Stored items

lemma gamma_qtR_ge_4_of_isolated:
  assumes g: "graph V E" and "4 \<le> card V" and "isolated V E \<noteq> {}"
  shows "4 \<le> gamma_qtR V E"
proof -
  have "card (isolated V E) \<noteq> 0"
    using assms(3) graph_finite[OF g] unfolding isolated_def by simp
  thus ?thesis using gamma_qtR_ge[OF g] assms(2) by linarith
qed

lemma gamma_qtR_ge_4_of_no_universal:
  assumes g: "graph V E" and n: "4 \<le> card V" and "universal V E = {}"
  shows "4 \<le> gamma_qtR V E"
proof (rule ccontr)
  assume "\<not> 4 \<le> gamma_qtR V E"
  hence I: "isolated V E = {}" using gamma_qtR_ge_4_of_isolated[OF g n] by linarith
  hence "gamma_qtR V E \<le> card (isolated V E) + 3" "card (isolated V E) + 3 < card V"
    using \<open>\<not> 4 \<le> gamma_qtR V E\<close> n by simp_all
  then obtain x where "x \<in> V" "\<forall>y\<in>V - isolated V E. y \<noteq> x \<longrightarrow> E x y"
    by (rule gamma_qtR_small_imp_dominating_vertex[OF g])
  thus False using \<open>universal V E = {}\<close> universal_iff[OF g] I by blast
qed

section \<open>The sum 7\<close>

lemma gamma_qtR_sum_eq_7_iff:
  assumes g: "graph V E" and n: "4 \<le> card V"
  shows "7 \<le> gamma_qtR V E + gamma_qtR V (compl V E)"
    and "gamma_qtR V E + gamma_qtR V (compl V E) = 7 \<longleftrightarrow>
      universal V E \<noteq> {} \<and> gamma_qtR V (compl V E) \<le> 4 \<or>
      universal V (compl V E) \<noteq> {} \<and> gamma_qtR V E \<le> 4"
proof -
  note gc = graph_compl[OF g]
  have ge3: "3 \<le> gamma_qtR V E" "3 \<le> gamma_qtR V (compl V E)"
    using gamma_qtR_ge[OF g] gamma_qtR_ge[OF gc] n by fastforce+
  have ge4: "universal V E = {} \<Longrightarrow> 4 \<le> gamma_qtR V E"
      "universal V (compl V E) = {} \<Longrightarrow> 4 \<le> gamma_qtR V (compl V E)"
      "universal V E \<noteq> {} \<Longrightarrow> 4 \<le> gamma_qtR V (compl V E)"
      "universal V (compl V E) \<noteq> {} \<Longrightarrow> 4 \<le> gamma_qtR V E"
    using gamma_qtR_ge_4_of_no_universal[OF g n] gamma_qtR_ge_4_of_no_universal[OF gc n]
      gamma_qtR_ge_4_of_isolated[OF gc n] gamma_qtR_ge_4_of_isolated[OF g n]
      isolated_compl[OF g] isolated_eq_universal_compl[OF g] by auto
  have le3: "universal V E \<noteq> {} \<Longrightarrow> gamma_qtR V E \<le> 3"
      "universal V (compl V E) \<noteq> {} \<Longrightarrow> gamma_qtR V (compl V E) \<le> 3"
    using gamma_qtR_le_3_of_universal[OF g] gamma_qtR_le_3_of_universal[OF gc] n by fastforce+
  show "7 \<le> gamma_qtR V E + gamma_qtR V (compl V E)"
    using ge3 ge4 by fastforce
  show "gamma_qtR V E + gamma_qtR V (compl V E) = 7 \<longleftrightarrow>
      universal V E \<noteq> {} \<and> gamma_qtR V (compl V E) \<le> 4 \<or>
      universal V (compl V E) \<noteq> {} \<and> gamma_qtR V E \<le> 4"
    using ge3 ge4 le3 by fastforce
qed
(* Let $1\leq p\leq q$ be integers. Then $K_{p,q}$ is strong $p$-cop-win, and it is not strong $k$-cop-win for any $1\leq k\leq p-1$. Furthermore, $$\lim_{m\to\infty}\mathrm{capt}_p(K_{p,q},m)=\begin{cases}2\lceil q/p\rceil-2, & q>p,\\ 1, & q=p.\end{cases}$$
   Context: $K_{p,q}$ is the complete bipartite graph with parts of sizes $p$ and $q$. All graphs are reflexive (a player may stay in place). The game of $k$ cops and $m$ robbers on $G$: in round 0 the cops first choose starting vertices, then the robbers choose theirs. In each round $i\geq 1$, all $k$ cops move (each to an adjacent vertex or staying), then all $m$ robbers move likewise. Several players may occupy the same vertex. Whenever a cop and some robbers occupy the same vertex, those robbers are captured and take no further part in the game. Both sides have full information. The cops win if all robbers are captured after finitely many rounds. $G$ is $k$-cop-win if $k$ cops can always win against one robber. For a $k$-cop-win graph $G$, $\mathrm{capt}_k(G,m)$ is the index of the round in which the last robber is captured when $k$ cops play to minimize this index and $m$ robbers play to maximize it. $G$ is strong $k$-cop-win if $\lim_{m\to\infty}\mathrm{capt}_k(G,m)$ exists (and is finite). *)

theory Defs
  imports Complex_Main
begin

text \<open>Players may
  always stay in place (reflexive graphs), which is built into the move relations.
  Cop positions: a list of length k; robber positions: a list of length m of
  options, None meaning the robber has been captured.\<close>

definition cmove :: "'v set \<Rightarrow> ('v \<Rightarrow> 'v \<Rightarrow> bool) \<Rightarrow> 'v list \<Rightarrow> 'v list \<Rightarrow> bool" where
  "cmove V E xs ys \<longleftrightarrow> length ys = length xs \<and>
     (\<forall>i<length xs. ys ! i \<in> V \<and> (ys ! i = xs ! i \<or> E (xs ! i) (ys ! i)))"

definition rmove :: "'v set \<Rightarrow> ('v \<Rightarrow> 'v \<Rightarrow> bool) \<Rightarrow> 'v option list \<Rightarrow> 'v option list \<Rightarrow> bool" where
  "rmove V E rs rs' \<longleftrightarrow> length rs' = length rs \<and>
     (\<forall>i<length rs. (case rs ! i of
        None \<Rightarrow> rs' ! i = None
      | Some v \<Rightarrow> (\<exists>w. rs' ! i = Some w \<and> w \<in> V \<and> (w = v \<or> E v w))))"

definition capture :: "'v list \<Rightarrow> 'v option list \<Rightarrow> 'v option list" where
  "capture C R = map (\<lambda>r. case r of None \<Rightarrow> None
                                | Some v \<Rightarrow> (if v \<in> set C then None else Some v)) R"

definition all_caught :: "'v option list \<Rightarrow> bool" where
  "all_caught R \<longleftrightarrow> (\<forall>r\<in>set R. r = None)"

__WORK REQUEST__:
Check the data for lines with "robber" and give only their number.

__ANSWER TO THE EXERCISE__:
3